‘Congratulations. You did it!’ read the silver balloon I carried out of Dr. Goldberg’s office today. I had just completed my five-year oncology follow-up. My CBC results looked great—white blood cell, red blood cell, and platelet counts all within the normal ranges. I am now able to get life insurance; federal law guarantees that cancer survivors cannot be discriminated against when looking for life insurance after 5 years of being cancer-free. In a few days, the proof will arrive in the mail in the form of the letter Dr. Goldberg was dictating when I left. Best of all, I can now officially declare: I am cured!
A swirl of emotions churned inside of me as I took that last walk down the familiar hallway and out the Cancer Center's door. Before I left the examining room, I gave Dr. Goldberg a signed copy of Rebirth and told him how much I appreciated everything he'd done for me and how blessed I am to have had him as my doctor. He was always honest with me, yet compassionate; he listened to and answered all my questions without ever getting defensive or impatient; over the years, he answered every e-mail I sent to him, whether it was a question about my health or my book; and he wrote the foreword to Rebirth. I gave him two big hugs and thanked him. “You’re welcome,” he replied; then added, “Days like today are why we do what we do.” I’m a success story. Hell, I’m a miracle.
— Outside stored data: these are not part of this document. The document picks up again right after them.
lemma card_conj_fibre_le_card_centralizer:
  assumes S: "finite S" and \<pi>: "\<pi> permutes S"
  shows "card {\<sigma>. \<sigma> permutes S \<and> \<sigma> \<circ> \<pi> \<circ> inv \<sigma> = \<tau>} \<le> card (centralizer S \<pi>)"
proof (cases "\<exists>s. s permutes S \<and> s \<circ> \<pi> \<circ> inv s = \<tau>")
  case True
  then obtain s where s: "s permutes S" and \<tau>: "\<tau> = s \<circ> \<pi> \<circ> inv s" by blast
  have cancel: "inv s \<circ> (s \<circ> f) = f" "s \<circ> (inv s \<circ> f) = f" for f :: "'a \<Rightarrow> 'a"
    using permutes_inv_o[OF s] by (simp_all flip: comp_assoc)
  show ?thesis
  proof (rule card_inj_on_le)
    show "inj_on ((\<circ>) (inv s)) {\<sigma>. \<sigma> permutes S \<and> \<sigma> \<circ> \<pi> \<circ> inv \<sigma> = \<tau>}"
      by (intro inj_onI) (metis cancel(2))
    show "(\<circ>) (inv s) ` {\<sigma>. \<sigma> permutes S \<and> \<sigma> \<circ> \<pi> \<circ> inv \<sigma> = \<tau>} \<subseteq> centralizer S \<pi>"
    proof (rule image_subsetI)
      fix \<sigma> assume "\<sigma> \<in> {\<sigma>. \<sigma> permutes S \<and> \<sigma> \<circ> \<pi> \<circ> inv \<sigma> = \<tau>}"
      then have \<sigma>: "\<sigma> permutes S" and conj: "\<sigma> \<circ> \<pi> \<circ> inv \<sigma> = \<tau>" by auto
      have "inv s \<circ> \<sigma> \<circ> \<pi> = inv s \<circ> (\<sigma> \<circ> \<pi> \<circ> inv \<sigma>) \<circ> \<sigma>"
        using permutes_inv_o(2)[OF \<sigma>] by (simp add: comp_assoc)
      also have "\<dots> = \<pi> \<circ> (inv s \<circ> \<sigma>)"
        unfolding conj \<tau> by (simp add: comp_assoc cancel)
      finally have "inv s \<circ> \<sigma> \<circ> \<pi> = \<pi> \<circ> (inv s \<circ> \<sigma>)" .
      moreover have "inv s \<circ> \<sigma> permutes S"
        using s \<sigma> by (intro permutes_compose permutes_inv)
      ultimately show "inv s \<circ> \<sigma> \<in> centralizer S \<pi>"
        unfolding centralizer_def by blast
    qed
    show "finite (centralizer S \<pi>)"
      using S unfolding centralizer_def by (auto intro: finite_subset[OF _ finite_permutations])
  qed
next
  case False
  then have "{\<sigma>. \<sigma> permutes S \<and> \<sigma> \<circ> \<pi> \<circ> inv \<sigma> = \<tau>} = {}" by blast
  then show ?thesis by (simp only: card.empty zero_le)
qed

lemma commute_funpow_apply:
  assumes "\<sigma> \<circ> \<pi> = \<pi> \<circ> \<sigma>"
  shows "\<sigma> ((\<pi> ^^ j) z) = (\<pi> ^^ j) (\<sigma> z)"
proof (induction j)
  case (Suc j)
  have "\<sigma> (\<pi> ((\<pi> ^^ j) z)) = \<pi> (\<sigma> ((\<pi> ^^ j) z))"
    using fun_cong[OF assms, of "(\<pi> ^^ j) z"] by simp
  then show ?case
    using Suc.IH by simp
qed simp

lemma centralizer_eqI:
  assumes \<sigma>: "\<sigma> \<in> centralizer S \<pi>" and \<sigma>': "\<sigma>' \<in> centralizer S \<pi>"
    and cover: "orbit_cover \<pi> R" and on_R: "\<And>r. r \<in> R \<Longrightarrow> \<sigma> r = \<sigma>' r"
    and on_fixed: "\<And>z. z \<in> S \<Longrightarrow> \<pi> z = z \<Longrightarrow> \<sigma> z = \<sigma>' z"
  shows "\<sigma> = \<sigma>'"
proof
  have perm: "\<sigma> permutes S" "\<sigma>' permutes S"
    and comm: "\<sigma> \<circ> \<pi> = \<pi> \<circ> \<sigma>" "\<sigma>' \<circ> \<pi> = \<pi> \<circ> \<sigma>'"
    using \<sigma> \<sigma>' unfolding centralizer_def by auto
  fix z
  consider "z \<notin> S" | "z \<in> S" "\<pi> z = z" | "\<pi> z \<noteq> z" by blast
  then show "\<sigma> z = \<sigma>' z"
  proof cases
    case 1
    then show ?thesis
      using perm by (simp add: permutes_not_in)
  next
    case 2
    then show ?thesis by (rule on_fixed)
  next
    case 3
    then obtain r j where r: "r \<in> R" and z: "z = (\<pi> ^^ j) r"
      using cover unfolding orbit_cover_def by metis
    then show ?thesis
      using on_R[OF r]
      by (simp add: commute_funpow_apply[OF comm(1)] commute_funpow_apply[OF comm(2)])
  qed
qed

lemma centralizer_permutes_fixed:
  assumes S: "finite S" and \<sigma>: "\<sigma> \<in> centralizer S \<pi>"
  shows "(\<lambda>z. if z \<in> S - moved \<pi> then \<sigma> z else z) permutes S - moved \<pi>"
proof -
  let ?F = "S - moved \<pi>"
  have perm: "\<sigma> permutes S" and comm: "\<And>z. \<sigma> (\<pi> z) = \<pi> (\<sigma> z)"
    using \<sigma> unfolding centralizer_def by (auto simp: fun_eq_iff)
  have "\<sigma> z \<in> ?F" if "z \<in> ?F" for z
    using that comm[of z] permutes_in_image[OF perm] by auto
  then have "\<sigma> ` ?F = ?F"
    using S permutes_inj_on[OF perm] by (intro endo_inj_surj) auto
  then have "bij_betw \<sigma> ?F ?F"
    using permutes_inj_on[OF perm] by (simp add: bij_betw_def)
  then have "bij_betw (\<lambda>z. if z \<in> ?F then \<sigma> z else z) ?F ?F"
    using bij_betw_cong[of ?F "\<lambda>z. if z \<in> ?F then \<sigma> z else z" \<sigma> ?F] by simp
  then show ?thesis
    by (rule bij_imp_permutes) auto
qed

lemma centralizer_moved:
  assumes \<sigma>: "\<sigma> \<in> centralizer S \<pi>" and r: "\<pi> r \<noteq> r"
  shows "\<pi> (\<sigma> r) \<noteq> \<sigma> r"
proof -
  have inj: "inj \<sigma>" and comm: "\<sigma> (\<pi> r) = \<pi> (\<sigma> r)"
    using \<sigma> unfolding centralizer_def by (auto simp: permutes_inj fun_eq_iff)
  have "\<sigma> (\<pi> r) \<noteq> \<sigma> r"
    using r inj by (simp add: inj_eq)
  then show ?thesis
    by (simp add: comm)
qed
definition orbit :: "int \<Rightarrow> int \<Rightarrow> int \<times> int \<Rightarrow> (int \<times> int) set" where
  "orbit n d v = {g v | g. g \<in> OL n d}"

definition pm_class :: "int \<Rightarrow> int \<Rightarrow> (int \<times> int) set" where
  "pm_class d y = {(u, z). \<bar>u\<bar> = d \<and> ([y = z] (mod d) \<or> [y = - z] (mod d))}"

lemma orbit_eq_pm_class:
  assumes K: "(2*n - 2) div d^2 \<noteq> 0" and x: "\<bar>x\<bar> = d"
  shows "orbit n d (x, y) = pm_class d y"
proof (intro equalityI subsetI)
  fix p assume "p \<in> orbit n d (x, y)"
  then obtain g where g: "g \<in> OL n d" "p = g (x, y)"
    by (auto simp: orbit_def)
  then obtain a c e where "a = 1 \<or> a = -1" "e = 1 \<or> e = -1" "p = (a * x, c * x + e * y)"
    using OL_is_shear[OF K g(1)] by metis
  moreover have "d dvd x"
    using x by auto
  ultimately show "p \<in> pm_class d y"
    using x by (auto simp: pm_class_def cong_iff_dvd_diff)
next
  fix p assume "p \<in> pm_class d y"
  then obtain u z where p: "p = (u, z)" "\<bar>u\<bar> = d" "[y = z] (mod d) \<or> [y = - z] (mod d)"
    by (auto simp: pm_class_def)
  have "u = x \<or> u = - x"
    using p(2) x by arith
  then obtain a where a: "a = 1 \<or> a = -1" "u = a * x"
    by (metis mult_1 mult_minus1)
  obtain e where e: "e = 1 \<or> e = -1" "x dvd z - e * y"
    using p(3) x by (metis abs_dvd_iff cong_iff_dvd_diff dvd_diff_commute
        mult_1 mult_minus1 cong_minus_minus_iff minus_minus)
  then obtain c where "z = c * x + e * y"
    by (metis dvd_def eq_diff_eq mult.commute)
  moreover define g where "g = (\<lambda>v :: int \<times> int. (a * fst v, c * fst v + e * snd v))"
  ultimately have "g (x, y) = p" "g \<in> OL n d"
    using a p(1) shear_in_OL[OF a(1) e(1)] by simp_all
  thus "p \<in> orbit n d (x, y)"
    unfolding orbit_def by blast
qed

lemma orbits_eq_pm_class_image:
  fixes n d :: int
  assumes "n \<ge> 2" and "d \<ge> 1" and "d^2 dvd n - 1"
  shows "orbits n d = pm_class d ` {y. coprime d y}"
proof -
  have K: "(2*n - 2) div d^2 \<noteq> 0"
    using form_coefficient(1)[OF assms] by simp
  let ?V = "{(x, y). \<bar>x\<bar> = d \<and> coprime d y}"
  have "orbits n d = (\<lambda>(x, y). orbit n d (x, y)) ` ?V"
    unfolding prim_vecs_eq[OF assms, symmetric] by (auto simp: orbits_def orbit_def)
  also have "\<dots> = (\<lambda>(x, y). pm_class d y) ` ?V"
    using orbit_eq_pm_class[OF K] by (intro image_cong) auto
  also have "\<dots> = pm_class d ` snd ` ?V"
    by (simp add: image_image split_def)
  also have "snd ` ?V = {y. coprime d y}"
    using assms(2) by (auto simp: image_iff) (metis abs_of_nonneg order.trans zero_le_one)
  finally show ?thesis .
qed

lemma pm_class_cong:
  assumes "[y = y'] (mod d) \<or> [y = - y'] (mod d)"
  shows "pm_class d y = pm_class d y'"
proof -
  have "[y = z] (mod d) \<or> [y = - z] (mod d) \<longleftrightarrow> [y' = z] (mod d) \<or> [y' = - z] (mod d)" for z
    using assms by (metis cong_trans cong_sym cong_minus_minus_iff minus_minus)
  thus ?thesis
    unfolding pm_class_def by blast
qed

lemma inj_on_pm_class_lower_half:
  assumes "d \<ge> 2"
  shows "inj_on (\<lambda>k. pm_class d (int k)) {k. 0 < k \<and> 2 * k \<le> nat d}"
proof (rule inj_onI)
  fix k k' :: nat
  assume k: "k \<in> {k. 0 < k \<and> 2 * k \<le> nat d}" and k': "k' \<in> {k. 0 < k \<and> 2 * k \<le> nat d}"
    and eq: "pm_class d (int k) = pm_class d (int k')"
  have bounds: "0 < int k" "0 < int k'" "2 * int k \<le> d" "2 * int k' \<le> d"
    using k k' assms by auto
  have "(d, int k') \<in> pm_class d (int k)"
    using eq assms by (simp add: pm_class_def)
  hence "d dvd int k - int k' \<or> d dvd int k + int k'"
    by (simp add: pm_class_def cong_iff_dvd_diff)
  thus "k = k'"
  proof
    assume dvd: "d dvd int k - int k'"
    show ?thesis
    proof (rule ccontr)
      assume "k \<noteq> k'"
      hence "\<bar>d\<bar> \<le> \<bar>int k - int k'\<bar>"
        using dvd_imp_le_int[OF _ dvd] by simp
      thus False
        using bounds by linarith
    qed
  next
    assume dvd: "d dvd int k + int k'"
    have "\<bar>d\<bar> \<le> \<bar>int k + int k'\<bar>"
      using dvd_imp_le_int[OF _ dvd] bounds by simp
    thus ?thesis
      using bounds by linarith
  qed
qed

lemma int_in_totatives_iff:
  assumes "d \<ge> 0"
  shows "k \<in> totatives (nat d) \<longleftrightarrow> 0 < k \<and> int k \<le> d \<and> coprime (int k) d"
proof -
  have "coprime k (nat d) \<longleftrightarrow> coprime (int k) d"
    using assms coprime_int_iff[of k "nat d"] by simp
  moreover have "k \<le> nat d \<longleftrightarrow> int k \<le> d"
    using assms by linarith
  ultimately show ?thesis
    by (simp only: in_totatives_iff)
qed

lemma pm_class_image_coprime:
  assumes d: "d \<ge> 2"
  shows "pm_class d ` {y. coprime d y}
    = (\<lambda>k. pm_class d (int k)) ` {k \<in> totatives (nat d). 2 * k \<le> nat d}"
proof (intro equalityI subsetI)
  fix P
  assume "P \<in> pm_class d ` {y. coprime d y}"
  then obtain y where y: "coprime d y" "P = pm_class d y"
    by blast
  define r where "r = y mod d"
  have r: "0 \<le> r" "r < d" "[y = r] (mod d)"
    using d by (auto simp: r_def cong_def)
  have cr: "coprime r d"
    using y(1) d by (simp add: r_def coprime_commute)
  hence "r \<noteq> 0"
    using d by auto
  \<comment> \<open>Reflect the residue into the lower half: \<open>d - r \<equiv> -y\<close>.\<close>
  define s where "s = (if 2 * r \<le> d then r else d - r)"
  have "coprime s d"
    using cr gcd_diff2[of d r] by (simp add: s_def coprime_iff_gcd_eq_1)
  moreover have "0 < s" "2 * s \<le> d"
    using r \<open>r \<noteq> 0\<close> by (auto simp: s_def)
  moreover have "[y = s] (mod d) \<or> [y = - s] (mod d)"
  proof -
    have "d dvd (y - r) + d"
      using r(3) by (simp add: cong_iff_dvd_diff)
    moreover have "(y - r) + d = y - - (d - r)"
      by simp
    ultimately show ?thesis
      using r(3) unfolding s_def cong_iff_dvd_diff by (metis (full_types))
  qed
  ultimately have "nat s \<in> {k \<in> totatives (nat d). 2 * k \<le> nat d}" "P = pm_class d (int (nat s))"
    using d y(2) pm_class_cong by (auto simp: int_in_totatives_iff)
  thus "P \<in> (\<lambda>k. pm_class d (int k)) ` {k \<in> totatives (nat d). 2 * k \<le> nat d}"
    by blast
next
  fix P
  assume "P \<in> (\<lambda>k. pm_class d (int k)) ` {k \<in> totatives (nat d). 2 * k \<le> nat d}"
  then obtain k where "k \<in> totatives (nat d)" "P = pm_class d (int k)"
    by blast
  thus "P \<in> pm_class d ` {y. coprime d y}"
    using d by (auto simp: int_in_totatives_iff coprime_commute)
qed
I walked out with Renee, a social worker at HUMC whom I’ve gotten to know well over the past year, as I’ve been meeting with patients preparing for or going through stem cell/bone marrow transplantation and trying to get my journal writing workshop for cancer patients started. As we talked, tears welled up in my eyes and the words caught in my throat. I’ve waited so long for this day to come, and yet the experience doesn’t feel all that far in the past. I can’t even explain why I was tearing up except, perhaps, I could finally, at last, breathe an enormous sigh of relief—I'd made it to that coveted five-year mark.
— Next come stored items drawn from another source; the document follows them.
lemma alternating_sum_avoiding_broken_nbhds:
  fixes p :: "'a \<Rightarrow> 'b::comm_ring_1"
  assumes "simple_graph V E" and "no_isolated V E" and "linear_order_on V ord"
    and "finite \<X>" and "\<forall>X\<in>\<X>. broken_nbhd V E ord X"
  shows "(\<Sum>J | J \<subseteq> V \<and> (\<forall>X\<in>\<X>. \<not> X \<subseteq> J). (-1) ^ card J * (\<Prod>v\<in>closed_nbhd V E J. 1 - p v))
    = (\<Sum>J | J \<subseteq> V. (-1) ^ card J * (\<Prod>v\<in>closed_nbhd V E J. 1 - p v))"
  using assms(4,5)
proof (induction \<X> rule: finite_induct)
  case empty
  then show ?case by simp
next
  case (insert X \<X>)
  have fin: "finite V" and "sym E" and "E \<subseteq> V \<times> V" and "irrefl E"
    using assms(1) unfolding simple_graph_def by auto
  have "antisym ord"
    using assms(3) unfolding linear_order_on_def partial_order_on_def by auto
  define f where "f J = (-1) ^ card J * (\<Prod>u\<in>closed_nbhd V E J. 1 - p u)" for J
  obtain v where "v \<in> V" and v_max: "\<forall>u\<in>closed_nbhd V E {v}. (u, v) \<in> ord"
    and X: "X = closed_nbhd V E {v} - {v}"
    using insert.prems unfolding broken_nbhd_def by auto
  obtain u where "(v, u) \<in> E"
    using assms(2) \<open>v \<in> V\<close> unfolding no_isolated_def by auto
  then have "u \<in> X"
    using X \<open>E \<subseteq> V \<times> V\<close> \<open>irrefl E\<close> by (auto simp: closed_nbhd_def irrefl_def)
  have "\<forall>Y\<in>\<X>. v \<notin> Y"
    using centre_notin_broken_nbhd[OF \<open>sym E\<close> \<open>antisym ord\<close> _ v_max] insert.prems by auto
  then have supersets: "(\<Sum>J | J \<subseteq> V \<and> (\<forall>Y\<in>\<X>. \<not> Y \<subseteq> J) \<and> X \<subseteq> J. f J) = 0"
    unfolding f_def using sum_supersets_of_broken_nbhd_eq_zero[OF assms(1) \<open>v \<in> V\<close> X] \<open>u \<in> X\<close> by blast
  have partition: "{J. J \<subseteq> V \<and> (\<forall>Y\<in>\<X>. \<not> Y \<subseteq> J)}
      = {J. J \<subseteq> V \<and> (\<forall>Y\<in>insert X \<X>. \<not> Y \<subseteq> J)} \<union> {J. J \<subseteq> V \<and> (\<forall>Y\<in>\<X>. \<not> Y \<subseteq> J) \<and> X \<subseteq> J}"
    by auto
  have finite_subsets: "finite {J. J \<subseteq> V \<and> Q J}" for Q
    using fin by (auto intro: rev_finite_subset[of "Pow V"])
  have "(\<Sum>J | J \<subseteq> V \<and> (\<forall>Y\<in>\<X>. \<not> Y \<subseteq> J). f J)
      = (\<Sum>J | J \<subseteq> V \<and> (\<forall>Y\<in>insert X \<X>. \<not> Y \<subseteq> J). f J)
        + (\<Sum>J | J \<subseteq> V \<and> (\<forall>Y\<in>\<X>. \<not> Y \<subseteq> J) \<and> X \<subseteq> J. f J)"
    unfolding partition by (rule sum.union_disjoint[OF finite_subsets finite_subsets]) blast
  then have "(\<Sum>J | J \<subseteq> V \<and> (\<forall>Y\<in>insert X \<X>. \<not> Y \<subseteq> J). f J)
      = (\<Sum>J | J \<subseteq> V \<and> (\<forall>Y\<in>\<X>. \<not> Y \<subseteq> J). f J)"
    by (simp only: supersets add_0_right)
  also have "\<dots> = (\<Sum>J | J \<subseteq> V. f J)"
    unfolding f_def using insert.prems by (intro insert.IH) simp
  finally show ?case
    unfolding f_def .
qed

theorem theorem4:
  fixes V :: "'a set" and E :: "('a \<times> 'a) set" and p :: "'a \<Rightarrow> real"
  assumes "simple_graph V E"
    and "\<forall>v\<in>V. 0 \<le> p v \<and> p v \<le> 1"
  shows "DRel V E p = (\<Sum>J | J \<subseteq> V. (-1) ^ card J * (\<Prod>v\<in>closed_nbhd V E J. 1 - p v))
    \<and> (no_isolated V E \<longrightarrow>
         (\<forall>(ord :: ('a \<times> 'a) set) (\<X> :: 'a set set).
           linear_order_on V ord \<longrightarrow> (\<forall>X\<in>\<X>. broken_nbhd V E ord X) \<longrightarrow>
           DRel V E p = (\<Sum>J | J \<subseteq> V \<and> (\<forall>X\<in>\<X>. \<not> X \<subseteq> J).
              (-1) ^ card J * (\<Prod>v\<in>closed_nbhd V E J. 1 - p v))))"
proof (intro conjI impI allI)
  show DRel: "DRel V E p = (\<Sum>J | J \<subseteq> V. (-1) ^ card J * (\<Prod>v\<in>closed_nbhd V E J. 1 - p v))"
    using assms(1) by (rule DRel_eq_alternating_sum)
  fix ord :: "('a \<times> 'a) set" and \<X> :: "'a set set"
  assume "no_isolated V E" "linear_order_on V ord" and broken: "\<forall>X\<in>\<X>. broken_nbhd V E ord X"
  have "\<X> \<subseteq> Pow V"
    using broken unfolding broken_nbhd_def closed_nbhd_def by auto
  then have "finite \<X>"
    using assms(1) unfolding simple_graph_def by (meson finite_Pow_iff finite_subset)
  then show "DRel V E p = (\<Sum>J | J \<subseteq> V \<and> (\<forall>X\<in>\<X>. \<not> X \<subseteq> J).
      (-1) ^ card J * (\<Prod>v\<in>closed_nbhd V E J. 1 - p v))"
    using DRel alternating_sum_avoiding_broken_nbhds[OF assms(1) \<open>no_isolated V E\<close>
        \<open>linear_order_on V ord\<close> _ broken, where p = p] by (simp only:)
qed

end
Before I left the hospital, I went to the Stem Cell Transplant Center and spent some time with two brave women—both mothers, both struggling through complications after stem cell transplantation. I listened, shared parts of my story that may prove helpful to them, and gave encouragement. Both were grateful for my having spent some time with them; for patients, it gives so much hope to see someone who has been where they are and is now on the other side of cancer. (I definitely felt that way back in 2004 when I spoke with those who were several years cancer-free.) And these interactions, meeting these survivors are just as beneficial and inspirational to me. They are a reminder of what I went through, which further strengthens my dedication to helping cancer survivors and working toward the eradication of this insidious disease.
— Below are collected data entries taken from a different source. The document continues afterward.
lemma mult_pderiv_power_mult_power:
  fixes x y :: "'a :: idom poly"
  assumes "pderiv x = 1" "pderiv y = 1"
  shows "x * y * pderiv (x ^ i * y ^ j)
    = smult (of_nat i) (x ^ i * y ^ Suc j) + smult (of_nat j) (x ^ Suc i * y ^ j)"
proof -
  have "x * y * pderiv (x ^ i * y ^ j)
      = smult (of_nat j) (x ^ Suc i * (y * y ^ (j - 1))) + smult (of_nat i) ((x * x ^ (i - 1)) * y ^ Suc j)"
    by (simp add: pderiv_mult pderiv_power assms algebra_simps)
  also have "smult (of_nat j) (x ^ Suc i * (y * y ^ (j - 1))) = smult (of_nat j) (x ^ Suc i * y ^ j)"
    by (cases j) simp_all
  also have "smult (of_nat i) ((x * x ^ (i - 1)) * y ^ Suc j) = smult (of_nat i) (x ^ i * y ^ Suc j)"
    by (cases i) simp_all
  finally show ?thesis
    by simp
qed

lemma Ppoly_Suc:
  "Ppoly (Suc n) a b =
     (\<Sum>k\<le>n. smult (of_nat (eulerian n k)) ([:-a, 1:] ^ Suc k * [:-b, 1:] ^ (n - k)))"
proof (cases n)
  case 0
  then show ?thesis
    by (simp add: eulerian_0)
next
  case (Suc m)
  then show ?thesis
    by (simp add: atLeast0AtMost of_nat_poly mult.assoc eulerian_diag)
qed

lemma Ppoly_Suc_Suc: "Ppoly (Suc (Suc n)) a b = [:-a, 1:] * [:-b, 1:] * pderiv (Ppoly (Suc n) a b)"
proof -
  let ?x = "[:-a, 1:] :: real poly" and ?y = "[:-b, 1:] :: real poly"
  let ?E = "\<lambda>n k. (of_nat (eulerian n k) :: real)"
  define f where "f k = smult (?E n k * of_nat (Suc k)) (?x ^ Suc k * ?y ^ (Suc n - k))" for k
  define g where "g k = smult (?E n k * of_nat (n - k)) (?x ^ Suc (Suc k) * ?y ^ (n - k))" for k
  have "?x * ?y * pderiv (Ppoly (Suc n) a b)
      = (\<Sum>k\<le>n. smult (?E n k) (?x * ?y * pderiv (?x ^ Suc k * ?y ^ (n - k))))"
    unfolding Ppoly_Suc pderiv_sum sum_distrib_left by (simp add: pderiv_smult)
  also have "\<dots> = (\<Sum>k\<le>n. f k + g k)"
  proof (rule sum.cong[OF refl])
    fix k assume "k \<in> {..n}"
    then have "Suc (n - k) = Suc n - k"
      by auto
    then show "smult (?E n k) (?x * ?y * pderiv (?x ^ Suc k * ?y ^ (n - k))) = f k + g k"
      unfolding mult_pderiv_power_mult_power[OF pderiv_monic_linear pderiv_monic_linear] f_def g_def
      by (simp add: smult_add_right)
  qed
  also have "\<dots> = sum f {..Suc n} + sum g {..n}"
    using eulerian_eq_0[of n "Suc n"] by (simp add: sum.distrib f_def)
  also have "\<dots> = f 0 + (\<Sum>k\<le>n. f (Suc k)) + sum g {..n}"
    by (simp only: sum.atMost_Suc_shift)
  also have "\<dots> = Ppoly (Suc (Suc n)) a b"
  proof -
    have "smult (?E (Suc n) (Suc k)) (?x ^ Suc (Suc k) * ?y ^ (Suc n - Suc k)) = f (Suc k) + g k" for k
    proof -
      have "eulerian (Suc n) (Suc k) = eulerian n (Suc k) * Suc (Suc k) + eulerian n k * (n - k)"
        by (simp add: eulerian_Suc)
      then have "?E (Suc n) (Suc k) = ?E n (Suc k) * of_nat (Suc (Suc k)) + ?E n k * of_nat (n - k)"
        by (simp only: of_nat_add of_nat_mult)
      then show ?thesis
        by (simp add: f_def g_def smult_add_left)
    qed
    moreover have "smult (?E (Suc n) 0) (?x ^ Suc 0 * ?y ^ (Suc n - 0)) = f 0"
      by (simp add: f_def eulerian_Suc)
    ultimately show ?thesis
      unfolding Ppoly_Suc[of "Suc n"] sum.atMost_Suc_shift by (simp only: add.assoc sum.distrib)
  qed
  finally show ?thesis ..
qed

lemma macmahon_0_right: "macmahon n 0 = 0"
  by (cases n) simp_all

lemma macmahon_eq_0: "n < k \<Longrightarrow> macmahon n k = 0"
  by (cases n) simp_all

lemma macmahon_Suc_Suc:
  "j \<le> Suc n \<Longrightarrow> macmahon (Suc (Suc n)) (Suc j)
     = (2 * j + 1) * macmahon (Suc n) (Suc j) + (2 * n + 3 - 2 * j) * macmahon (Suc n) j"
proof (cases j)
  case 0
  then show ?thesis
    by (simp add: macmahon_0_right)
next
  case (Suc i)
  assume "j \<le> Suc n"
  with Suc show ?thesis
    by (simp add: algebra_simps)
qed

declare macmahon.simps [simp del]

lemma Qpoly_sum:
  "Qpoly n a b =
     (\<Sum>j\<le>n. smult (of_nat (macmahon (Suc n) (Suc j))) ([:-a, 1:] ^ (n - j) * [:-b, 1:] ^ j))"
  using sum.shift_bounds_cl_Suc_ivl[of "\<lambda>k. of_nat (macmahon (n + 1) k) * [:-a, 1:] ^ (n + 1 - k)
      * [:-b, 1:] ^ (k - 1)" 0 n]
  by (simp add: Qpoly_def atLeast0AtMost of_nat_poly mult.assoc)

definition macmahon_op :: "'a :: idom poly \<Rightarrow> 'a poly \<Rightarrow> 'a poly \<Rightarrow> 'a poly" where
  "macmahon_op x y p = smult 2 (x * y * pderiv p) + (x + y) * p"

lemma macmahon_op_smult: "macmahon_op x y (smult c p) = smult c (macmahon_op x y p)"
  by (simp add: macmahon_op_def pderiv_smult smult_add_right mult.commute)

lemma macmahon_op_sum: "macmahon_op x y (\<Sum>k\<in>A. f k) = (\<Sum>k\<in>A. macmahon_op x y (f k))"
  unfolding macmahon_op_def pderiv_sum sum_distrib_left smult_sum_right sum.distrib ..

lemma macmahon_op_monomial:
  assumes "pderiv x = 1" "pderiv y = 1"
  shows "macmahon_op x y (x ^ i * y ^ j)
     = smult (of_nat (2 * i + 1)) (x ^ i * y ^ Suc j) + smult (of_nat (2 * j + 1)) (x ^ Suc i * y ^ j)"
  unfolding macmahon_op_def mult_pderiv_power_mult_power[OF assms]
  by (simp add: algebra_simps smult_add_left smult_add_right)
Five years – yay! I did it!
I am so happy for and proud of you. I can't believe it's been so long yet not long enough! Love you, Lani:)
Five years!!!! That is simply fantastic!
There is no way to celebrate this monumental achievement except to live FABULOUSLY!!!
I am so happy for you.
I am so proud of and happy for you. Derek and I cannot wait to get to NYC and celebrate. Enjoy your vacation with your family.